This time around, Trump’s illness is the focus of attention but market impact has so far been limited globally. The Shanghai Composite Index starts October up nearly 6% for the year, among the world’s best-performing major indexes. Also this has been the best month of the year for the benchmark, rising an average 2.5% each October since 2010.
“Things look a lot different now than they did in February,” said Steven Leung, executive director at UOB Kay Hian (Hong Kong) Ltd. “Chinese markets will have a calm reopening. Tech names and consumer staples should play catch-up, as they have gained in the offshore market during the break.” He added that investors will focus on the annual Communist Party meeting at the end of the month, in which Beijing is expected to launch further policies to stimulate demand.
The offshore yuan has gained 0.7% during the holiday as of 4:18 p.m. Thursday in Hong Kong, making it one of the better performers in Asia. Recent gains in the Chinese currency have triggered debate as to whether it’s a safe haven like the greenback and the Japanese yen. While the yuan may be attractive due to its high interest rate and signs that China’s economy is recovering, it is under Beijing’s tight control and capital curbs.
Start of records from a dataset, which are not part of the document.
lemma inexact_newton_quotient_error:
  fixes e F F' m s d a k :: real
  assumes res: "\<bar>F - m*e\<bar> \<le> a*\<bar>F\<bar>" and der: "\<bar>F' - s\<bar> \<le> a*\<bar>F'\<bar>"
    and m: "\<bar>m - d\<bar> \<le> k*\<bar>d\<bar>" and s: "\<bar>s - d\<bar> \<le> k*\<bar>d\<bar>"
    and "F' \<noteq> 0" and a: "0 \<le> a" "a < 1" and k: "0 \<le> k" "k < 1"
  shows "\<bar>e - F/F'\<bar> \<le> newton_contraction a k * \<bar>e\<bar>"
proof -
  have "\<bar>F - m*e\<bar> \<le> a*(\<bar>m*e\<bar> + \<bar>F - m*e\<bar>)"
    using res a by (smt (verit) mult_left_mono)
  hence "(1-a)*\<bar>F - m*e\<bar> \<le> a*\<bar>m*e\<bar>" by (simp add: algebra_simps)
  also have "\<dots> \<le> a*((1+k)*\<bar>d\<bar>*\<bar>e\<bar>)"
  proof -
    have "\<bar>m\<bar> \<le> (1+k)*\<bar>d\<bar>" using m by (simp add: algebra_simps)
    hence "\<bar>m*e\<bar> \<le> (1+k)*\<bar>d\<bar>*\<bar>e\<bar>" by (simp add: abs_mult mult_right_mono)
    thus ?thesis using a by (intro mult_left_mono) auto
  qed
  finally have res_bound: "\<bar>F - m*e\<bar> \<le> a/(1-a)*(1+k)*\<bar>d\<bar>*\<bar>e\<bar>"
    using a by (simp add: field_simps)
  have "(1-k)*\<bar>d\<bar> \<le> \<bar>s\<bar>" using s by (simp add: algebra_simps)
  also have "\<dots> \<le> (1+a)*\<bar>F'\<bar>" using der by (simp add: algebra_simps)
  finally have d_bound: "\<bar>d\<bar> \<le> (1+a)/(1-k)*\<bar>F'\<bar>" using k by (simp add: field_simps)
  have "\<bar>s - m\<bar> \<le> 2*k*\<bar>d\<bar>" using m s by linarith
  have "(e - F/F')*F' = e*(F' - s) + e*(s - m) + (m*e - F)"
    using \<open>F' \<noteq> 0\<close> by (simp add: field_simps)
  hence "\<bar>e - F/F'\<bar>*\<bar>F'\<bar> \<le> \<bar>e*(F' - s)\<bar> + \<bar>e*(s - m)\<bar> + \<bar>m*e - F\<bar>"
    by (simp only: abs_mult[symmetric])
  hence "\<bar>e - F/F'\<bar>*\<bar>F'\<bar> \<le> \<bar>e\<bar>*\<bar>F' - s\<bar> + \<bar>e\<bar>*\<bar>s - m\<bar> + \<bar>F - m*e\<bar>"
    by (simp add: abs_mult abs_minus_commute)
  also have "\<dots> \<le> \<bar>e\<bar>*(a*\<bar>F'\<bar>) + \<bar>e\<bar>*(2*k*\<bar>d\<bar>) + a/(1-a)*(1+k)*\<bar>d\<bar>*\<bar>e\<bar>"
    using der \<open>\<bar>s - m\<bar> \<le> 2*k*\<bar>d\<bar>\<close> res_bound by (intro add_mono mult_left_mono) auto
  also have "\<dots> = a*\<bar>e\<bar>*\<bar>F'\<bar> + (2*k + a/(1-a)*(1+k))*\<bar>e\<bar>*\<bar>d\<bar>"
    by (simp add: algebra_simps)
  also have "\<dots> \<le> a*\<bar>e\<bar>*\<bar>F'\<bar> + (2*k + a/(1-a)*(1+k))*\<bar>e\<bar>*((1+a)/(1-k)*\<bar>F'\<bar>)"
    using d_bound a k by (intro add_left_mono mult_left_mono) auto
  also have "\<dots> = newton_contraction a k * \<bar>e\<bar> * \<bar>F'\<bar>"
    using a k by (simp add: newton_contraction_def field_simps)
  finally show ?thesis using \<open>F' \<noteq> 0\<close> by simp
qed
How China’s government bonds perform from the market’s reopen will depend on the central bank’s stance on monetary policy, which was the major factor driving the securities last month. The 10-year notes slid for a fifth straight month in September, the longest run since 2007, amid investor concerns about a liquidity shortage. Another source of stress on the debt would be U.S. Treasuries, as Chinese bonds often follow movements in the U.S. debt. The 10-year yield on the American bonds climbed nearly 10 basis points over the past week.